There are 500 rows, 10 distinct products and 5 distinct customers in total.
It looks like this:
Now I need to , find the most “popular” and least “popular” products (those products with most and least total sales quantities) and the corresponding total sales quantities (i.e., SUMs) for each of the 12 months (regardless of the year).
The result should be like this:
Now I can only write query like this:
select month,
prod,
sum(quant)
from sales
group by month,prod
order by month,prod;
And it gives me the result like this:
Now I need to pick up the maximum value for each month. For example, the biggest value in the first 10 sums of month 1, and so on...
I also need to get the minimum value of the sums (regardless of the year). And combine them horizontally... I have no idea about this...

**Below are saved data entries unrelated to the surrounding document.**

(* Let $L\subseteq \mathbb{K}^{2n}\oplus\mathbb{K}^{2m}$ be a nonempty affine Lagrangian relation $L:n\to m$. Then there exist $k\in\mathbb{N}$ with $k\le \min(n,m)$, an affine symplectomorphism $S$ of $(\mathbb{K}^{2n},\omega_n)$ and an affine symplectomorphism $T$ of $(\mathbb{K}^{2m},\omega_m)$ such that \[ L=\Gamma_T\circ\big(\mathrm{id}_{k}\oplus P_{m-k}\big)\circ\big(\mathrm{id}_{k}\oplus P_{n-k}^{\dagger}\big)\circ\Gamma_S, \] i.e. \[ L=\Big\{\big(v,\;T(u\oplus p)\big)\;\Big|\; v\in\mathbb{K}^{2n},\ u\in\mathbb{K}^{2k},\ p\in P_{m-k},\ \exists q\in P_{n-k}:\ S v=u\oplus q\Big\}. \] Moreover, if $L$ is a (nonempty) linear Lagrangian relation, $S$ and $T$ can be chosen to be linear symplectomorphisms.
   Context: $\mathbb{K}$ is an arbitrary field. For $n\in\mathbb{N}$, $\mathbb{K}^{2n}=\bigoplus_{j=0}^{n-1}\mathbb{K}^2$ with coordinates $(z_j,x_j)$ carries the symplectic form $\omega_n\big(\bigoplus_j (z_j,x_j),\bigoplus_j(z'_j,x'_j)\big)=\sum_j (z_jx'_j-x_jz'_j)$. A relation $n\to m$ is a subset of $\mathbb{K}^{2n}\oplus\mathbb{K}^{2m}$, which is given the symplectic form $((v,w),(v',w'))\mapsto \omega_n(v,v')-\omega_m(w,w')$. For a linear subspace $S$ of a symplectic space $(V,\omega)$, $S^\omega=\{v: \omega(v,s)=0\ \forall s\in S\}$; $S$ is Lagrangian if $S=S^\omega$. An affine subspace (possibly empty) is Lagrangian if it is empty or its underlying linear subspace (direction) is Lagrangian; an affine (resp. linear) Lagrangian relation $n\to m$ is an affine (resp. linear) Lagrangian subspace of $\mathbb{K}^{2n}\oplus\mathbb{K}^{2m}$. Relations compose by relational composition $S\circ R=\{(a,c):\exists b,\ (a,b)\in R,(b,c)\in S\}$; $\oplus$ of relations is the direct sum (cartesian product, with coordinates concatenated), and $\mathrm{id}_k$ is the diagonal of $\mathbb{K}^{2k}$. An affine symplectomorphism is an affine bijection whose linear part preserves the symplectic form; $\Gamma_S=\{(v,Sv)\}$ denotes its graph. $P_r=\{\bigoplus_{j=0}^{r-1}(0,x_j): x_j\in\mathbb{K}\}\subseteq\mathbb{K}^{2r}$, viewed as a relation $0\to r$; for a relation $R:n\to m$, its dagger $R^\dagger:m\to n$ is $\{(\bigoplus_j(z_j,-x_j),\bigoplus_k(z'_k,-x'_k)) : (\bigoplus_k(z'_k,x'_k),\bigoplus_j(z_j,x_j))\in R\}$, so $P_r^\dagger:r\to 0$. *)

theory Defs
  imports Main
begin

text \<open>A vector of K^{2n} = (K^2)^n is represented as a list of n pairs (z_j, x_j).
  Direct sum of vectors is list concatenation.\<close>

type_synonym 'a svec = "('a \<times> 'a) list"

definition vecs :: "nat \<Rightarrow> 'a svec set" where
  "vecs n = {v. length v = n}"

definition vzero :: "nat \<Rightarrow> ('a::zero) svec" where
  "vzero n = replicate n (0, 0)"

definition vadd :: "('a::plus) svec \<Rightarrow> 'a svec \<Rightarrow> 'a svec" where
  "vadd v w = map2 (\<lambda>(z, x) (z', x'). (z + z', x + x')) v w"

definition vscale :: "('a::times) \<Rightarrow> 'a svec \<Rightarrow> 'a svec" where
  "vscale c v = map (\<lambda>(z, x). (c * z, c * x)) v"

definition omega :: "('a::comm_ring) svec \<Rightarrow> 'a svec \<Rightarrow> 'a" where
  "omega v w = sum_list (map2 (\<lambda>(z, x) (z', x'). z * x' - x * z') v w)"

text \<open>Relations n -> m are subsets of K^{2n} (+) K^{2m}, i.e. sets of pairs of vectors,
  with the symplectic form omega_n(v,v') - omega_m(w,w').\<close>

definition rel_omega :: "('a::comm_ring) svec \<times> 'a svec \<Rightarrow> 'a svec \<times> 'a svec \<Rightarrow> 'a" where
  "rel_omega p q = omega (fst p) (fst q) - omega (snd p) (snd q)"

definition padd :: "('a::plus) svec \<times> 'a svec \<Rightarrow> 'a svec \<times> 'a svec \<Rightarrow> 'a svec \<times> 'a svec" where
  "padd p q = (vadd (fst p) (fst q), vadd (snd p) (snd q))"

definition pscale :: "('a::times) \<Rightarrow> 'a svec \<times> 'a svec \<Rightarrow> 'a svec \<times> 'a svec" where
  "pscale c p = (vscale c (fst p), vscale c (snd p))"

definition rel_lin_subspace :: "nat \<Rightarrow> nat \<Rightarrow> (('a::field) svec \<times> 'a svec) set \<Rightarrow> bool" where
  "rel_lin_subspace n m D \<longleftrightarrow>
     D \<subseteq> vecs n \<times> vecs m \<and> (vzero n, vzero m) \<in> D \<and>
     (\<forall>p\<in>D. \<forall>q\<in>D. padd p q \<in> D) \<and> (\<forall>c. \<forall>p\<in>D. pscale c p \<in> D)"

definition rel_omega_compl :: "nat \<Rightarrow> nat \<Rightarrow> (('a::field) svec \<times> 'a svec) set \<Rightarrow> ('a svec \<times> 'a svec) set" where
  "rel_omega_compl n m D = {p \<in> vecs n \<times> vecs m. \<forall>s\<in>D. rel_omega p s = 0}"

definition lin_lagrangian_rel :: "nat \<Rightarrow> nat \<Rightarrow> (('a::field) svec \<times> 'a svec) set \<Rightarrow> bool" where
  "lin_lagrangian_rel n m L \<longleftrightarrow> rel_lin_subspace n m L \<and> L = rel_omega_compl n m L"

definition affine_lagrangian_rel :: "nat \<Rightarrow> nat \<Rightarrow> (('a::field) svec \<times> 'a svec) set \<Rightarrow> bool" where
  "affine_lagrangian_rel n m L \<longleftrightarrow>
     L = {} \<or> (\<exists>a D. a \<in> vecs n \<times> vecs m \<and> lin_lagrangian_rel n m D \<and> L = padd a ` D)"

definition lin_map :: "nat \<Rightarrow> (('a::field) svec \<Rightarrow> 'a svec) \<Rightarrow> bool" where
  "lin_map n A \<longleftrightarrow> (\<forall>v\<in>vecs n. A v \<in> vecs n) \<and>
     (\<forall>v\<in>vecs n. \<forall>w\<in>vecs n. A (vadd v w) = vadd (A v) (A w)) \<and>
     (\<forall>c. \<forall>v\<in>vecs n. A (vscale c v) = vscale c (A v))"

definition preserves_omega :: "nat \<Rightarrow> (('a::field) svec \<Rightarrow> 'a svec) \<Rightarrow> bool" where
  "preserves_omega n A \<longleftrightarrow> (\<forall>v\<in>vecs n. \<forall>w\<in>vecs n. omega (A v) (A w) = omega v w)"

definition affine_symp :: "nat \<Rightarrow> (('a::field) svec \<Rightarrow> 'a svec) \<Rightarrow> bool" where
  "affine_symp n S \<longleftrightarrow> bij_betw S (vecs n) (vecs n) \<and>
     (\<exists>A b. b \<in> vecs n \<and> lin_map n A \<and> preserves_omega n A \<and>
            (\<forall>v\<in>vecs n. S v = vadd (A v) b))"

definition lin_symp :: "nat \<Rightarrow> (('a::field) svec \<Rightarrow> 'a svec) \<Rightarrow> bool" where
  "lin_symp n S \<longleftrightarrow> bij_betw S (vecs n) (vecs n) \<and> lin_map n S \<and> preserves_omega n S"

definition graph :: "nat \<Rightarrow> ('a svec \<Rightarrow> 'a svec) \<Rightarrow> ('a svec \<times> 'a svec) set" where
  "graph n S = {(v, S v) | v. v \<in> vecs n}"

definition idrel :: "nat \<Rightarrow> ('a svec \<times> 'a svec) set" where
  "idrel k = {(v, v) | v. v \<in> vecs k}"

definition rsum :: "('a svec \<times> 'a svec) set \<Rightarrow> ('a svec \<times> 'a svec) set \<Rightarrow> ('a svec \<times> 'a svec) set" where
  "rsum R R' = {(a @ a', b @ b') | a b a' b'. (a, b) \<in> R \<and> (a', b') \<in> R'}"

definition Prel :: "nat \<Rightarrow> (('a::zero) svec \<times> 'a svec) set" where
  "Prel r = {([], map (\<lambda>x. (0, x)) xs) | xs. length xs = r}"

definition negx :: "('a::uminus) svec \<Rightarrow> 'a svec" where
  "negx v = map (\<lambda>(z, x). (z, - x)) v"

definition dagger :: "(('a::uminus) svec \<times> 'a svec) set \<Rightarrow> ('a svec \<times> 'a svec) set" where
  "dagger R = {(negx b, negx a) | a b. (a, b) \<in> R}"

text \<open>Relational composition in diagrammatic order is the library's O:
  R O S = S \<circ> R in the paper's notation.\<close>

end

theory Submission
  imports Defs
begin

text \<open>
  Induction on n + m, for linear L first. If L contains (v, 0) with v \<noteq> 0, a linear
  symplectomorphism (a product of two transvections) moves v to the last x-direction; then L
  splits off the factor P\<dagger>_1 = P_1 \<times> {0}, and the complementary factor is again Lagrangian.
  Pairs (0, w) are handled by transposing L. Otherwise L is the graph of a linear bijection, so
  it contains (a, b) and (c, d) with omega a c = omega b d = 1; moving both symplectic pairs to
  the first coordinate splits off id_1. The result is S \<times> T mapping L onto
  id_k \<oplus> (P_{n-k} \<times> P_{m-k}) = (id_k \<oplus> P\<dagger>_{n-k}) \<circ> (id_k \<oplus> P_{m-k}).
  An affine Lagrangian relation is a translate of its direction, and translating the graph
  form only adds constants to S and T.
\<close>

lemma vecs_iff [simp]: "v \<in> vecs n \<longleftrightarrow> length v = n"
  by (simp add: vecs_def)

lemma length_vadd [simp]: "length (vadd v w) = min (length v) (length w)"
  by (simp add: vadd_def)

lemma length_vscale [simp]: "length (vscale c v) = length v"
  by (simp add: vscale_def)

lemma length_vzero [simp]: "length (vzero n) = n"
  by (simp add: vzero_def)

lemma vadd_Nil [simp]: "vadd [] w = []" "vadd v [] = []"
  by (auto simp: vadd_def)

lemma vadd_Cons [simp]: "vadd ((z, x) # v) ((z', x') # w) = (z + z', x + x') # vadd v w"
  by (simp add: vadd_def)

lemma vscale_Nil [simp]: "vscale c [] = []"
  by (simp add: vscale_def)

lemma vscale_Cons [simp]: "vscale c ((z, x) # v) = (c * z, c * x) # vscale c v"
  by (simp add: vscale_def)

lemma vzero_0 [simp]: "vzero 0 = []"
  by (simp add: vzero_def)

lemma vzero_Suc: "vzero (Suc n) = (0, 0) # vzero n"
  by (simp add: vzero_def)

lemma vzero_add: "vzero (n1 + n2) = vzero n1 @ vzero n2"
  by (simp add: vzero_def replicate_add)

lemma length_add_split:
  assumes "length v = n1 + n2"
  obtains v1 v2 where "v = v1 @ v2" "length v1 = n1" "length v2 = n2"
  using assms by (intro that [of "take n1 v" "drop n1 v"]) simp_all

lemma vadd_append: "length v = length w \<Longrightarrow> vadd (v @ v') (w @ w') = vadd v w @ vadd v' w'"
  by (simp add: vadd_def)

lemma vscale_append: "vscale c (v @ w) = vscale c v @ vscale c w"
  by (simp add: vscale_def)

lemma nth_vadd: "i < length v \<Longrightarrow> i < length w \<Longrightarrow>
    vadd v w ! i = (fst (v ! i) + fst (w ! i), snd (v ! i) + snd (w ! i))"
  by (simp add: vadd_def case_prod_beta)

lemma nth_vscale: "i < length v \<Longrightarrow> vscale c v ! i = (c * fst (v ! i), c * snd (v ! i))"
  by (simp add: vscale_def case_prod_beta)

lemma nth_vzero: "i < n \<Longrightarrow> vzero n ! i = (0, 0)"
  by (simp add: vzero_def)

lemma vadd_commute: "vadd v w = vadd w (v :: ('a::ab_semigroup_add) svec)"
  by (rule nth_equalityI) (auto simp: nth_vadd add.commute)

lemma vadd_assoc: "vadd (vadd u v) w = vadd u (vadd v (w :: ('a::semigroup_add) svec))"
  by (rule nth_equalityI) (auto simp: nth_vadd add.assoc)

lemma vadd_vzero [simp]: "length v = n \<Longrightarrow> vadd v (vzero n) = (v :: ('a::monoid_add) svec)"
  by (rule nth_equalityI) (auto simp: nth_vadd nth_vzero)

lemma vzero_vadd [simp]: "length v = n \<Longrightarrow> vadd (vzero n) v = (v :: ('a::monoid_add) svec)"
  by (rule nth_equalityI) (auto simp: nth_vadd nth_vzero)

lemma vscale_vzero [simp]: "vscale c (vzero n) = (vzero n :: ('a::mult_zero) svec)"
  by (rule nth_equalityI) (auto simp: nth_vscale nth_vzero)

lemma vscale_zero [simp]: "vscale 0 v = vzero (length (v :: ('a::mult_zero) svec))"
  by (rule nth_equalityI) (auto simp: nth_vscale nth_vzero)

lemma vscale_add: "vscale (a + b) v = vadd (vscale a v) (vscale b (v :: ('a::semiring) svec))"
  by (rule nth_equalityI) (auto simp: nth_vadd nth_vscale distrib_right)

definition vsub :: "('a::ring_1) svec \<Rightarrow> 'a svec \<Rightarrow> 'a svec" where
  "vsub v w = vadd v (vscale (-1) w)"

lemma length_vsub [simp]: "length (vsub v w) = min (length v) (length w)"
  by (simp add: vsub_def)

lemma vsub_self [simp]: "vsub v v = vzero (length v)"
  by (rule nth_equalityI) (auto simp: vsub_def nth_vadd nth_vscale nth_vzero)

lemma vsub_vzero [simp]: "length v = n \<Longrightarrow> vsub v (vzero n) = (v :: ('a::ring_1) svec)"
  by (simp add: vsub_def)

lemma vadd_vsub_cancel [simp]: "length v = length w \<Longrightarrow> vadd (vsub v w) w = v"
  by (rule nth_equalityI) (auto simp: vsub_def nth_vadd nth_vscale)

lemma vsub_vadd_cancel [simp]: "length v = length w \<Longrightarrow> vsub (vadd v w) w = v"
  by (rule nth_equalityI) (auto simp: vsub_def nth_vadd nth_vscale)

Note: for a TLDR, skip to the end.
Your problem is a very interesting textbook case as it involves multiple facets of Postgres.
I often find it very helpful to decompose the problem into multiple subproblems before joining them together for the final result set.
In your case, I see two subproblems: finding the most popular product for each month, and finding the least popular product for each month.
Let's start with the most popular products:
WITH months AS (
SELECT generate_series AS month
FROM generate_series(1, 12)
)
SELECT DISTINCT ON (month)
month,
prod,
SUM(quant)
FROM months
LEFT JOIN sales USING (month)
GROUP BY month, prod
ORDER BY month, sum DESC;
Explanations:
WITH is a common table
expression,
which acts as a temporary table (for the duration of the query) and
helps clarify the query. If you find it confusing, you could also opt
for a subquery.
generate_series(1, 12) is a Postgres function which generate a series of integers, in this case from 1 to 12.
the LEFT JOIN allows us to associate each sale to the corresponding month. If no sale can be found for a given month, a row is returned with the month and the joined columns with NULL values. More information on joins can be found here. In your case, using LEFT JOIN is important, as using INNER JOIN would exclude products that have never been sold (which in that case should be the least popular product).
GROUP BY is used to sum over the quantities.
at this stage, you should -potentially- have multiple products for any given month. We only want to keep those with the most quantities for each month. DISTINCT ON is especially useful for that purpose. Given a column, it allows us to keep the first iteration of each value. It is therefore important to ORDER the sales by sum first, as only the first one will be selected. We want the bigger numbers first, so DESC (for descending order) should be used.
We can now repeat the process for the least popular products:
WITH months AS (
SELECT generate_series AS month
FROM generate_series(1, 12)
)
SELECT DISTINCT ON (month)
month,
prod,
SUM(quant)
FROM months
LEFT JOIN sales USING (month)
GROUP BY month, prod
ORDER BY month, sum;
Conclusion (and TLDR):
Now we need to merge the two queries into one final query.
WITH months AS (
SELECT generate_series AS month
FROM generate_series(1, 12)
), agg_sales AS (
SELECT
month,
prod,
SUM(quant)
FROM months
LEFT JOIN sales USING (month)
GROUP BY month, prod
), most_popular AS (
SELECT DISTINCT ON (month)
month,
prod,
sum
FROM agg_sales
ORDER BY month, sum DESC
), least_popular AS (
SELECT DISTINCT ON (month)
month,
prod,
sum
FROM agg_sales
ORDER BY month, sum
)
SELECT
most_popular.month,
most_popular.prod AS most_popular_prod,
most_popular.sum AS most_pop_total_q,
least_popular.prod AS least_popular_prod,
least_popular.sum AS least_pop_total_q
FROM most_popular
JOIN least_popular USING (month);
Note that I used an intermediate agg_sales CTE to try and make the query a bit clearer and avoid repeating the same operation twice, although it shouldn't be a problem for Postgres' optimizer.
I hope you find my answer satisfactory. Do not hesitate to comment otherwise!
EDIT: although this solution should work as is, I would suggest storing your dates as a single column of type TIMESTAMPTZ. It is often much easier to manipulate dates using that type and it is always good practice in case you need to analyze and audit your database further down the line.
You can get the month of any date by simply using EXTRACT(MONTH FROM date).

Related

Is it possible to use AVG function to give the average of 2 results from within a sub-query that has a UNION?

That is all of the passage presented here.